Modify path if you would like to store the data elsewhere and change the notebooks accordingly

In [5]:
%load_ext autotime
### set path
import os
from pathlib import Path
path_home = os.getcwd()
path_home = Path(path_home)
path_data = path_home / 'data'
if not path_data.exists():
    path_data.mkdir()
#path_result = path_home / 'result'

time: 1.69 ms (started: 2021-04-23 14:05:31 +00:00)
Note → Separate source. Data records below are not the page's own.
section \<open>The comultiplication on the basis\<close>

lemma tmul_superset:
  assumes "finite A" "supp s \<subseteq> A" "finite B" "supp t \<subseteq> B"
  shows "tmul q s t p =
    (\<Sum>x\<in>A. \<Sum>y\<in>B. if tmono_idx x y = p then s x * t y * tmono_coef q x y else 0)"
proof -
  have "tmul q s t p = (\<Sum>z\<in>A \<times> B. if tmono_idx (fst z) (snd z) = p
      then s (fst z) * t (snd z) * tmono_coef q (fst z) (snd z) else 0)"
    unfolding tmul_def case_prod_beta
    by (rule sum.mono_neutral_left) (use assms in \<open>auto simp: supp_def\<close>)
  then show ?thesis by (simp add: sum.cartesian_product case_prod_beta)
qed

lemma finite_supp_tmul:
  assumes "finite (supp s)" "finite (supp t)"
  shows "finite (supp (tmul q s t))"
proof -
  have "supp (tmul q s t) \<subseteq> (\<lambda>(x, y). tmono_idx x y) ` (supp s \<times> supp t)"
  proof
    fix p assume "p \<in> supp (tmul q s t)"
    then obtain z where "z \<in> supp s \<times> supp t"
      "(case z of (x, y) \<Rightarrow> if tmono_idx x y = p then s x * t y * tmono_coef q x y else 0) \<noteq> 0"
      unfolding supp_def tmul_def mem_Collect_eq by (meson sum.not_neutral_contains_not_neutral)
    then show "p \<in> (\<lambda>(x, y). tmono_idx x y) ` (supp s \<times> supp t)"
      by (auto split: if_splits prod.splits intro: rev_image_eqI)
  qed
  with assms show ?thesis by (auto intro: finite_subset)
qed

lemma Delta_y_apply:
  "Delta_y p = (if p = ((0, 1), (1, 0)) \<or> p = ((0, 0), (0, 1)) then 1 else 0)"
  by (auto simp: Delta_y_def hadd_def tens_def bas_def case_prod_beta prod_eq_iff)

lemma supp_Delta_y: "supp (Delta_y :: 'a::field hq2) = {((0, 1), (1, 0)), ((0, 0), (0, 1))}"
  by (auto simp: supp_def Delta_y_apply)

lemma finite_supp_tpow: "finite (supp t) \<Longrightarrow> finite (supp (tpow q t m))"
  by (induction m) (simp_all add: supp_tens finite_supp_tmul)

lemma tmono_idx_apply [simp]:
  "tmono_idx ((a1, b1), (c1, d1)) ((a2, b2), (c2, d2)) = ((a1 + a2, b1 + b2), (c1 + c2, d1 + d2))"
  by (simp add: tmono_idx_def)

lemma tmono_coef_apply [simp]:
  "tmono_coef q ((a1, b1), (c1, d1)) ((a2, b2), (c2, d2)) = q powi (int b1 * a2 + int d1 * c2)"
  by (simp add: tmono_coef_def)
## Stooq Historical Market Data
##### several cells made to one as stooq folder makes notebook freezing
##### seems memory intensive

In [6]:
### Download price data
# 1. Download **price data** for the selected combination of asset class, market and frequency from [the Stooq website](https://stooq.com/db/h/)
# 2. Store the result under `stooq` using the preferred folder structure outlined on the website. It has the structure: `/data/freq/market/asset_class`, such as `/data/daily/us/nasdaq etfs`.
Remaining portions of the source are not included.